**WHAT THE TASK ASKS**
For the listing that follows, give again exactly the lines from the one with "(simp add: ennreal_mult)" to the one with "x)) + ennreal", including both.
-=-=-
primrec fine_chain ::
  "real \<Rightarrow> real \<Rightarrow> ('x::real_normed_vector \<Rightarrow> 'u \<Rightarrow> 'x) \<Rightarrow> ('w \<Rightarrow> 'x)
     \<Rightarrow> (nat \<Rightarrow> 'w \<Rightarrow> 'x) \<Rightarrow> (nat \<Rightarrow> 'w \<Rightarrow> 'u) \<Rightarrow> nat \<Rightarrow> 'w \<Rightarrow> 'x" where
  "fine_chain h \<beta> b X0 Z V 0 \<omega> = X0 \<omega>"
| "fine_chain h \<beta> b X0 Z V (Suc k) \<omega> =
     fine_chain h \<beta> b X0 Z V k \<omega> + h *\<^sub>R b (fine_chain h \<beta> b X0 Z V k \<omega>) (V k \<omega>)
       + (\<beta> * sqrt h) *\<^sub>R Z (Suc k) \<omega>"

text \<open>Index set for the independent family: X0, the Gaussian vectors Z_k (k >= 1),
  and the drift variables U_k (k >= 0).\<close>
datatype rv_idx = IX0 | IZ nat | IU nat

definition rv_indep ::
  "'w measure \<Rightarrow> ('w \<Rightarrow> real^'d) \<Rightarrow> (nat \<Rightarrow> 'w \<Rightarrow> real^'d) \<Rightarrow> (nat \<Rightarrow> 'w \<Rightarrow> 'u::topological_space) \<Rightarrow> bool" where
  "rv_indep M X0 Z U \<longleftrightarrow>
     prob_space.indep_sets M
       (\<lambda>i. case i of
              IX0 \<Rightarrow> sets (vimage_algebra (space M) X0 borel)
            | IZ k \<Rightarrow> sets (vimage_algebra (space M) (Z k) borel)
            | IU k \<Rightarrow> sets (vimage_algebra (space M) (U k) borel))
       {i. i \<noteq> IZ 0}"

definition std_gaussian_vec :: "'w measure \<Rightarrow> ('w \<Rightarrow> real^'d) \<Rightarrow> bool" where
  "std_gaussian_vec M Z \<longleftrightarrow>
     prob_space.indep_vars M (\<lambda>_. borel) (\<lambda>i \<omega>. Z \<omega> $ i) UNIV \<and>
     (\<forall>i. distributed M lborel (\<lambda>\<omega>. Z \<omega> $ i) std_normal_density)"

end

theory Submission
  imports Defs
begin

text \<open>Both coupled chains start at X0 and use the same Gaussian increments, so their difference D
  evolves by D + h (a(Y1) - a(Y2)) plus the difference of two drift noises which have mean zero given
  the past and, at level s, are of order s^(-1/2) in L2 and L4 (relative to 1 + |Y|).
  Strong monotonicity and the Lipschitz bound make the deterministic part contract,
  |D + h (a Y1 - a Y2)|^2 <= (1 - K h) |D|^2, and for mean-zero noise B one has
  E|A + B|^4 <= |A|^4 + 8 |A|^2 E|B|^2 + 3 E|B|^4. With Young's inequality this gives
  E|D'|^4 <= (1 - K h/2) E|D|^4 + C h^3/s^2 (1 + E|Y1|^4 + E|Y2|^4). The same computation for a single
  chain, now including the Gaussian increment, bounds E|Y|^4 uniformly in k, and the linear recursion
  for E|D|^4 then stays below 2 C' h^3 / (K h s^2) = O(h^2/s^2).\<close>

lemma norm_add_power4_le:
  fixes x y :: "'v::real_inner"
  shows "norm (x + y)^4 \<le> norm x^4 + 4 * norm x^2 * inner x y + 8 * norm x^2 * norm y^2 + 3 * norm y^4"
proof -
  define p where "p = norm x ^ 2"
  define q where "q = norm y ^ 2"
  define r where "r = inner x y"
  have sq: "norm (x + y)^2 = p + 2 * r + q"
    unfolding p_def q_def r_def power2_norm_eq_inner by (simp add: inner_add inner_commute)
  have cauchy_schwarz: "r^2 \<le> p * q"
  proof -
    have "\<bar>r\<bar> \<le> norm x * norm y" unfolding r_def by (rule Cauchy_Schwarz_ineq2)
    then have "r^2 \<le> (norm x * norm y)^2"
      by (metis abs_ge_zero abs_le_square_iff abs_mult abs_norm_cancel)
    then show ?thesis by (simp add: p_def q_def power_mult_distrib)
  qed
  have "p + q - 2 * r = norm (x - y)^2"
    unfolding p_def q_def r_def power2_norm_eq_inner by (simp add: inner_diff inner_commute)
  then have "q * (p + q - 2 * r) \<ge> 0" unfolding q_def by simp
  have "norm (x + y)^4 = (p + 2 * r + q)^2"
    by (simp flip: sq power_mult)
  also have "\<dots> \<le> p^2 + 4 * p * r + 8 * p * q + 3 * q^2"
    using cauchy_schwarz \<open>q * (p + q - 2 * r) \<ge> 0\<close> by (simp add: power2_eq_square algebra_simps)
  finally show ?thesis
    unfolding p_def q_def r_def by (simp flip: power_mult)
qed

lemma norm_diff_power2_le: "norm (x - y)^2 \<le> 2 * (norm x^2 + norm (y::'a::real_normed_vector)^2)"
proof -
  have "norm (x - y)^2 \<le> (norm x + norm y)^2"
    by (intro power_mono norm_triangle_ineq4) auto
  also have "\<dots> \<le> 2 * (norm x^2 + norm y^2)"
    using zero_le_power2[of "norm x - norm y"] by (simp add: power2_eq_square algebra_simps)
  finally show ?thesis .
qed

lemma norm_add_power2_le: "norm (x + y)^2 \<le> 2 * (norm x^2 + norm (y::'a::real_normed_vector)^2)"
  using norm_diff_power2_le[of x "-y"] by simp

lemma norm_diff_power4_le: "norm (x - y)^4 \<le> 8 * (norm x^4 + norm (y::'a::real_normed_vector)^4)"
proof -
  have "norm (x - y)^4 = (norm (x - y)^2)^2" by (simp flip: power_mult)
  also have "\<dots> \<le> (2 * (norm x^2 + norm y^2))^2"
    by (intro power_mono norm_diff_power2_le) auto
  also have "\<dots> \<le> 8 * ((norm x^2)^2 + (norm y^2)^2)"
    using zero_le_power2[of "norm x^2 - norm y^2"] by (simp add: power2_eq_square algebra_simps)
  finally show ?thesis by (simp flip: power_mult)
qed

lemma mult_le_weighted_sum_squares:
  fixes x y e :: real
  assumes "0 < e"
  shows "x * y \<le> e/2 * x^2 + y^2 / (2*e)"
proof -
  have "0 \<le> (e * x - y)^2 / (2*e)" using assms by simp
  also have "(e * x - y)^2 / (2*e) = e/2 * x^2 + y^2 / (2*e) - x * y"
    using assms by (simp add: power2_eq_square field_simps)
  finally show ?thesis by simp
qed

lemma ennreal_affine_recursion_le:
  fixes x :: "nat \<Rightarrow> ennreal"
  assumes step: "\<And>k. x (Suc k) \<le> ennreal (1 - q) * x k + ennreal c"
    and start: "x 0 \<le> ennreal B"
    and q: "0 \<le> q" "q \<le> 1" and c: "0 \<le> c" "c \<le> q * B" and B: "0 \<le> B"
  shows "x k \<le> ennreal B"
proof (induction k)
  case 0
  show ?case by (rule start)
next
  case (Suc k)
  have "x (Suc k) \<le> ennreal (1 - q) * x k + ennreal c" by (rule step)
  also have "\<dots> \<le> ennreal (1 - q) * ennreal B + ennreal c"
    using Suc.IH by (intro add_mono mult_left_mono) auto
  also have "\<dots> = ennreal ((1 - q) * B + c)"
    using q c B by (simp add: ennreal_mult ennreal_plus)
  also have "\<dots> \<le> ennreal B"
    using c by (intro ennreal_leI) (simp add: algebra_simps)
  finally show ?case .
qed

lemma nn_integral_norm_scaleR_power:
  assumes "f \<in> borel_measurable N"
  shows "(\<integral>\<^sup>+x. ennreal (norm (c *\<^sub>R f x)^n) \<partial>N) = ennreal (\<bar>c\<bar>^n) * (\<integral>\<^sup>+x. ennreal (norm (f x)^n) \<partial>N)"
proof -
  have "(\<integral>\<^sup>+x. ennreal (norm (c *\<^sub>R f x)^n) \<partial>N) = (\<integral>\<^sup>+x. ennreal (\<bar>c\<bar>^n) * ennreal (norm (f x)^n) \<partial>N)"
    by (intro nn_integral_cong) (simp add: ennreal_mult[symmetric] power_mult_distrib)
  also have "\<dots> = ennreal (\<bar>c\<bar>^n) * (\<integral>\<^sup>+x. ennreal (norm (f x)^n) \<partial>N)"
    by (rule nn_integral_cmult) (use assms in measurable)
  finally show ?thesis .
qed

lemma nn_integral_le_cmult_add:
  assumes F: "\<And>x. F x \<le> c * (f x + g x)" and c: "0 \<le> c"
    and f: "f \<in> borel_measurable N" "\<And>x. 0 \<le> f x" and g: "g \<in> borel_measurable N" "\<And>x. 0 \<le> g x"
    and fA: "(\<integral>\<^sup>+x. ennreal (f x) \<partial>N) \<le> ennreal A" and gB: "(\<integral>\<^sup>+x. ennreal (g x) \<partial>N) \<le> ennreal B"
    and AB: "0 \<le> A" "0 \<le> B"
  shows "(\<integral>\<^sup>+x. ennreal (F x) \<partial>N) \<le> ennreal (c * (A + B))"
proof -
  have "(\<integral>\<^sup>+x. ennreal (F x) \<partial>N) \<le> (\<integral>\<^sup>+x. ennreal c * (ennreal (f x) + ennreal (g x)) \<partial>N)"
  proof (rule nn_integral_mono)
    fix x
    have "ennreal c * (ennreal (f x) + ennreal (g x)) = ennreal (c * (f x + g x))"
      using c f(2)[of x] g(2)[of x] by (simp add: ennreal_mult ennreal_plus)
    then show "ennreal (F x) \<le> ennreal c * (ennreal (f x) + ennreal (g x))"
      using F[of x] by (simp add: ennreal_leI)
  qed
  also have "\<dots> = ennreal c * ((\<integral>\<^sup>+x. ennreal (f x) \<partial>N) + (\<integral>\<^sup>+x. ennreal (g x) \<partial>N))"
  proof -
    have fm: "(\<lambda>x. ennreal (f x)) \<in> borel_measurable N" and gm: "(\<lambda>x. ennreal (g x)) \<in> borel_measurable N"
      using f g by auto
    have "(\<integral>\<^sup>+x. ennreal c * (ennreal (f x) + ennreal (g x)) \<partial>N) = ennreal c * (\<integral>\<^sup>+x. (ennreal (f x) + ennreal (g x)) \<partial>N)"
      by (rule nn_integral_cmult) (use fm gm in auto)
    also have "(\<integral>\<^sup>+x. (ennreal (f x) + ennreal (g x)) \<partial>N) = (\<integral>\<^sup>+x. ennreal (f x) \<partial>N) + (\<integral>\<^sup>+x. ennreal (g x) \<partial>N)"
      by (rule nn_integral_add) (use fm gm in auto)
    finally show ?thesis .
  qed
  also have "\<dots> \<le> ennreal c * (ennreal A + ennreal B)"
    by (intro mult_left_mono add_mono fA gB) auto
  also have "\<dots> = ennreal (c * (A + B))" using c AB by (simp add: ennreal_mult)
  finally show ?thesis .
qed

context prob_space
begin

lemma nn_integral_add_cmult_const_le:
  assumes f: "f \<in> borel_measurable M" "\<And>x. 0 \<le> f x" and g: "g \<in> borel_measurable M" "\<And>x. 0 \<le> g x"
    and c: "0 \<le> c1" "0 \<le> c2" and X: "(\<integral>\<^sup>+x. ennreal (f x) \<partial>M) \<le> ennreal X" and Y: "(\<integral>\<^sup>+x. ennreal (g x) \<partial>M) \<le> ennreal Y"
    and XY: "0 \<le> X" "0 \<le> Y"
  shows "(\<integral>\<^sup>+x. ennreal (f x + c1 * g x + c2) \<partial>M) \<le> ennreal (X + c1 * Y + c2)"
proof -
  have fm: "(\<lambda>x. ennreal (f x)) \<in> borel_measurable M" and gm: "(\<lambda>x. ennreal c1 * ennreal (g x)) \<in> borel_measurable M"
    using f g by auto
  have "(\<integral>\<^sup>+x. ennreal (f x + c1 * g x + c2) \<partial>M) = (\<integral>\<^sup>+x. (ennreal (f x) + ennreal c1 * ennreal (g x)) + ennreal c2 \<partial>M)"
    using f g c by (intro nn_integral_cong) (simp add: ennreal_plus ennreal_mult)
  also have "\<dots> = (\<integral>\<^sup>+x. (ennreal (f x) + ennreal c1 * ennreal (g x)) \<partial>M) + (\<integral>\<^sup>+x. ennreal c2 \<partial>M)"
    by (rule nn_integral_add) (use fm gm in auto)
  also have "(\<integral>\<^sup>+x. (ennreal (f x) + ennreal c1 * ennreal (g x)) \<partial>M) = (\<integral>\<^sup>+x. ennreal (f x) \<partial>M) + (\<integral>\<^sup>+x. ennreal c1 * ennreal (g x) \<partial>M)"
    by (rule nn_integral_add) (use fm gm in auto)
  also have "(\<integral>\<^sup>+x. ennreal c1 * ennreal (g x) \<partial>M) = ennreal c1 * (\<integral>\<^sup>+x. ennreal (g x) \<partial>M)"
    by (rule nn_integral_cmult) (use g in auto)
  also have "(\<integral>\<^sup>+x. ennreal c2 \<partial>M) = ennreal c2" by (simp add: emeasure_space_1)
  also have "(\<integral>\<^sup>+x. ennreal (f x) \<partial>M) + ennreal c1 * (\<integral>\<^sup>+x. ennreal (g x) \<partial>M) + ennreal c2
      \<le> ennreal X + ennreal c1 * ennreal Y + ennreal c2"
    by (intro add_mono mult_left_mono X Y) auto
  also have "\<dots> = ennreal (X + c1 * Y + c2)" using c XY by (simp add: ennreal_plus ennreal_mult)
  finally show ?thesis .
qed

lemma nn_integral_affine_le:
  assumes f: "f \<in> borel_measurable M" "\<And>x. 0 \<le> f x"
    and g: "g \<in> borel_measurable M" "\<And>x. 0 \<le> g x" "(\<integral>\<^sup>+x. ennreal (g x) \<partial>M) \<le> ennreal B"
    and coeffs: "0 \<le> \<alpha>" "0 \<le> \<gamma>" "0 \<le> B"
  shows "(\<integral>\<^sup>+x. ennreal (\<alpha> * f x + \<gamma> * (1 + g x)) \<partial>M)
    \<le> ennreal \<alpha> * (\<integral>\<^sup>+x. ennreal (f x) \<partial>M) + ennreal (\<gamma> * (1 + B))"
proof -
  have fm: "(\<lambda>x. ennreal (f x)) \<in> borel_measurable M" and gm: "(\<lambda>x. ennreal (g x)) \<in> borel_measurable M"
    using f g by auto
  have split: "(\<integral>\<^sup>+x. ennreal (\<alpha> * f x + \<gamma> * (1 + g x)) \<partial>M)
      = (\<integral>\<^sup>+x. ennreal \<alpha> * ennreal (f x) \<partial>M) + (\<integral>\<^sup>+x. ennreal \<gamma> * (1 + ennreal (g x)) \<partial>M)"
  proof -
    have "(\<integral>\<^sup>+x. ennreal (\<alpha> * f x + \<gamma> * (1 + g x)) \<partial>M)
        = (\<integral>\<^sup>+x. ennreal \<alpha> * ennreal (f x) + ennreal \<gamma> * (1 + ennreal (g x)) \<partial>M)"
      using f g coeffs by (intro nn_integral_cong) (simp add: ennreal_plus ennreal_mult)
    also have "\<dots> = (\<integral>\<^sup>+x. ennreal \<alpha> * ennreal (f x) \<partial>M) + (\<integral>\<^sup>+x. ennreal \<gamma> * (1 + ennreal (g x)) \<partial>M)"
      by (rule nn_integral_add) (use fm gm in auto)
    finally show ?thesis .
  qed
  have first: "(\<integral>\<^sup>+x. ennreal \<alpha> * ennreal (f x) \<partial>M) = ennreal \<alpha> * (\<integral>\<^sup>+x. ennreal (f x) \<partial>M)"
    by (rule nn_integral_cmult) (use fm in auto)
  have "(\<integral>\<^sup>+x. ennreal \<gamma> * (1 + ennreal (g x)) \<partial>M) = ennreal \<gamma> * (\<integral>\<^sup>+x. 1 + ennreal (g x) \<partial>M)"
    by (rule nn_integral_cmult) (use gm in auto)
  also have "\<dots> = ennreal \<gamma> * (1 + (\<integral>\<^sup>+x. ennreal (g x) \<partial>M))"
    using nn_integral_add[of "\<lambda>_. 1" M "\<lambda>x. ennreal (g x)"] gm by (simp add: emeasure_space_1)
  also have "\<dots> \<le> ennreal \<gamma> * (1 + ennreal B)"
    by (intro mult_left_mono add_left_mono g(3)) auto
  also have "\<dots> = ennreal (\<gamma> * (1 + B))"
    using coeffs by (simp add: ennreal_mult ennreal_plus)
  finally have second: "(\<integral>\<^sup>+x. ennreal \<gamma> * (1 + ennreal (g x)) \<partial>M) \<le> ennreal (\<gamma> * (1 + B))" .
  show ?thesis unfolding split first using second by (rule add_left_mono)
qed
-=-=-
**RESPONSE BOX**
  also have "\<dots> = ennreal (c * (A + B))" using c AB by (simp add: ennreal_mult)
  finally show ?thesis .
qed

context prob_space
begin

lemma nn_integral_add_cmult_const_le:
  assumes f: "f \<in> borel_measurable M" "\<And>x. 0 \<le> f x" and g: "g \<in> borel_measurable M" "\<And>x. 0 \<le> g x"
    and c: "0 \<le> c1" "0 \<le> c2" and X: "(\<integral>\<^sup>+x. ennreal (f x) \<partial>M) \<le> ennreal X" and Y: "(\<integral>\<^sup>+x. ennreal (g x) \<partial>M) \<le> ennreal Y"
    and XY: "0 \<le> X" "0 \<le> Y"
  shows "(\<integral>\<^sup>+x. ennreal (f x + c1 * g x + c2) \<partial>M) \<le> ennreal (X + c1 * Y + c2)"
proof -
  have fm: "(\<lambda>x. ennreal (f x)) \<in> borel_measurable M" and gm: "(\<lambda>x. ennreal c1 * ennreal (g x)) \<in> borel_measurable M"
    using f g by auto
  have "(\<integral>\<^sup>+x. ennreal (f x + c1 * g x + c2) \<partial>M) = (\<integral>\<^sup>+x. (ennreal (f x) + ennreal c1 * ennreal (g x)) + ennreal c2 \<partial>M)"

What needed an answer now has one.